Especialistas estimam que aproximadamente 90% das peças originais ainda estejam presentes, apesar dos danos acumulados durante sua longa trajetória.

Curtiss Oriole surgiu logo após a Primeira Guerra Mundial

O Curtiss Oriole foi lançado em 1919, pouco depois do encerramento da Primeira Guerra Mundial.

Naquele período, fabricantes aeronáuticos precisavam transformar tecnologias desenvolvidas para fins militares em produtos destinados ao público civil.

Glenn Curtiss estava entre os nomes mais importantes desse processo.

Durante o conflito, sua empresa produziu o Curtiss JN-4 Jenny, avião amplamente utilizado pelos Estados Unidos no treinamento de pilotos.

Segundo a Popular Science, a fabricante chegou a produzir cerca de 100 unidades do Jenny por semana durante o auge da demanda.

O fim da guerra, porém, mudou rapidamente as necessidades do mercado.

Nesse contexto, surgiu o Oriole, desenvolvido como uma aeronave civil de três lugares.

Biplano histórico semelhante ao Curtiss Oriole de 1919 aparece em registro inspirado nos primeiros anos da aviação civil, período marcado por aeronaves de estrutura leve, cabine aberta e asas duplas.

Excesso de aviões militares dificultou vendas

A chegada do Curtiss Oriole ao mercado coincidiu com uma mudança profunda na indústria aeronáutica norte-americana.

Grandes quantidades de aviões militares excedentes passaram a ser vendidas depois da guerra.

Essas aeronaves usadas custavam significativamente menos que os novos modelos civis.

Muitos compradores, portanto, preferiam adquirir aviões militares disponíveis por preços menores.

O cenário reduziu a demanda pelo Oriole, apesar das melhorias incorporadas ao projeto.

A baixa produção acabou transformando o modelo em uma raridade histórica.

Segundo informações do Cradle of Aviation Museum, atualmente são conhecidos apenas três exemplares do Curtiss Oriole.

Aeronave seguiu para a Argentina

A trajetória do exemplar recuperado pelo museu começou a ganhar contornos internacionais pouco depois de sua fabricação.

Peter Truesdell, gerente de restauração do Cradle of Aviation Museum, informou que o avião foi vendido originalmente para um comprador na Argentina.

Registros indicam que a aeronave possivelmente participou de trabalhos pioneiros de fotografia e mapeamento aéreo na América do Sul.

Essas atividades representavam uma utilização importante para a aviação durante as primeiras décadas do século XX.

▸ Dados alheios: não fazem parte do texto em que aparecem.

(* For every positive integer $k$ there is a deterministic algorithm that uses only the ordinal profile and makes no distance queries. On every finite metric space $(X,d)$ and every consistent profile, it returns a set of centers $C\subseteq X$ with $|C|\le 2^{k-1}$ such that $\max_{x\in X} d(x,C)\le 2\cdot\mathrm{OPT}^{\mathrm{center}}_k(X,d)$.
   Context: Ordinal query model: $(X,d)$ is a finite metric space with $|X|=n$. Every point $x\in X$ reports a ranking $\pi_x$ of all points of $X$ such that $y$ is ranked above $y'$ only if $d(x,y)\le d(x,y')$ (ties broken arbitrarily); the collection $P=\{\pi_x\}_{x\in X}$ is a profile consistent with $d$. An algorithm receives $X$, $k$ and $P$ for free. Its only other access to $d$ is by querying the exact value $d(x,y)$ for pairs of its choice; each such value costs one query. For $C\subseteq X$ write $d(x,C)=\min_{c\in C}d(x,c)$. The $k$-center cost of $C$ is $\max_{x\in X}d(x,C)$, and $\mathrm{OPT}^{\mathrm{center}}_k(X,d)=\min_{C\subseteq X,|C|=k}\max_{x\in X}d(x,C)$. *)

theory Defs
  imports Complex_Main
begin

definition metric_on :: "'a set \<Rightarrow> ('a \<Rightarrow> 'a \<Rightarrow> real) \<Rightarrow> bool" where
  "metric_on X d \<longleftrightarrow>
     (\<forall>x\<in>X. \<forall>y\<in>X. d x y = 0 \<longleftrightarrow> x = y) \<and>
     (\<forall>x\<in>X. \<forall>y\<in>X. d x y = d y x) \<and>
     (\<forall>x\<in>X. \<forall>y\<in>X. \<forall>z\<in>X. d x z \<le> d x y + d y z)"

definition consistent_profile :: "'a set \<Rightarrow> ('a \<Rightarrow> 'a \<Rightarrow> real) \<Rightarrow> ('a \<Rightarrow> 'a list) \<Rightarrow> bool" where
  "consistent_profile X d P \<longleftrightarrow>
     (\<forall>x\<in>X. distinct (P x) \<and> set (P x) = X \<and>
        (\<forall>i j. i < j \<and> j < length (P x) \<longrightarrow> d x (P x ! i) \<le> d x (P x ! j)))"

definition dist_to_set :: "('a \<Rightarrow> 'a \<Rightarrow> real) \<Rightarrow> 'a \<Rightarrow> 'a set \<Rightarrow> real" where
  "dist_to_set d x C = Min ((\<lambda>c. d x c) ` C)"

definition center_cost :: "'a set \<Rightarrow> ('a \<Rightarrow> 'a \<Rightarrow> real) \<Rightarrow> 'a set \<Rightarrow> real" where
  "center_cost X d C = Max ((\<lambda>x. dist_to_set d x C) ` X)"

definition opt_center :: "'a set \<Rightarrow> ('a \<Rightarrow> 'a \<Rightarrow> real) \<Rightarrow> nat \<Rightarrow> real" where
  "opt_center X d k = Min {center_cost X d C | C. C \<subseteq> X \<and> card C = k}"

end

theory Submission
  imports Defs
begin

text \<open>
  The algorithm only reads the rankings: it splits the points recursively, each point deciding
  for itself which of two pivots it ranks first. Fix an optimal solution C of radius r. For a
  set S with pivot x, keep the invariant that every point of S lies within 2r of x or within r
  of one of j remaining optimal centres. Let y be the point of S ranked last by x. If
  d x y \<le> 2r, x alone covers S. Otherwise y is within r of a remaining centre c, and S is split
  according to whether a point z ranks x before y. If it does, d z x \<le> d z y, so closeness to c
  gives d z x \<le> 2r; if not, d z y \<le> d z x, and both closeness to c and closeness to x give
  d z y \<le> 2r. Hence both halves, with pivots x and y, satisfy the invariant without c. Starting
  with the centre nearest to the initial pivot removed, k - 1 rounds produce at most 2^(k-1)
  centres covering X within 2r.
\<close>

definition occurs_before :: "'a list \<Rightarrow> 'a \<Rightarrow> 'a \<Rightarrow> bool" where
  "occurs_before L a b \<longleftrightarrow> (\<exists>i j. i \<le> j \<and> j < length L \<and> L!i = a \<and> L!j = b)"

Parte da história posterior do biplano, entretanto, permanece pouco documentada.

Hollywood entrou na história do raro biplano

O Curtiss Oriole reapareceu posteriormente ligado ao universo cinematográfico dos Estados Unidos.

A aeronave esteve associada a um piloto de acrobacias de Hollywood, quando aviões semelhantes eram utilizados em produções cinematográficas.

O piloto morreu durante um acidente ocorrido em uma filmagem.

Depois disso, os Orioles restantes passaram por diferentes proprietários.

O exemplar que hoje pertence ao museu acabou chegando à Flórida antes de seguir novamente para Nova York.

Essa trajetória ajudou a transformar a aeronave em uma testemunha de diferentes fases da aviação civil.

Biplano histórico semelhante ao Curtiss Oriole de 1919 aparece em campo aberto, destacando a estrutura de asas duplas, o motor exposto e o estilo da aviação civil do início do século XX.

Cerca de 90% das peças originais sobreviveram

O estado de conservação encontrado pelos especialistas chamou atenção durante a avaliação inicial.

Atualmente, o Curtiss Oriole permanece desmontado e não apresenta condições para retornar aos céus.

Sua fuselagem de madeira laminada possui perfurações e outros danos acumulados ao longo de mais de um século.

Peter Truesdell estima, entretanto, que aproximadamente 90% da aeronave original ainda esteja disponível.

Essa proporção permitirá que os restauradores utilizem uma quantidade significativa de componentes históricos durante o trabalho.

Fotografias antigas e plantas também deverão ajudar na reconstrução das partes necessárias.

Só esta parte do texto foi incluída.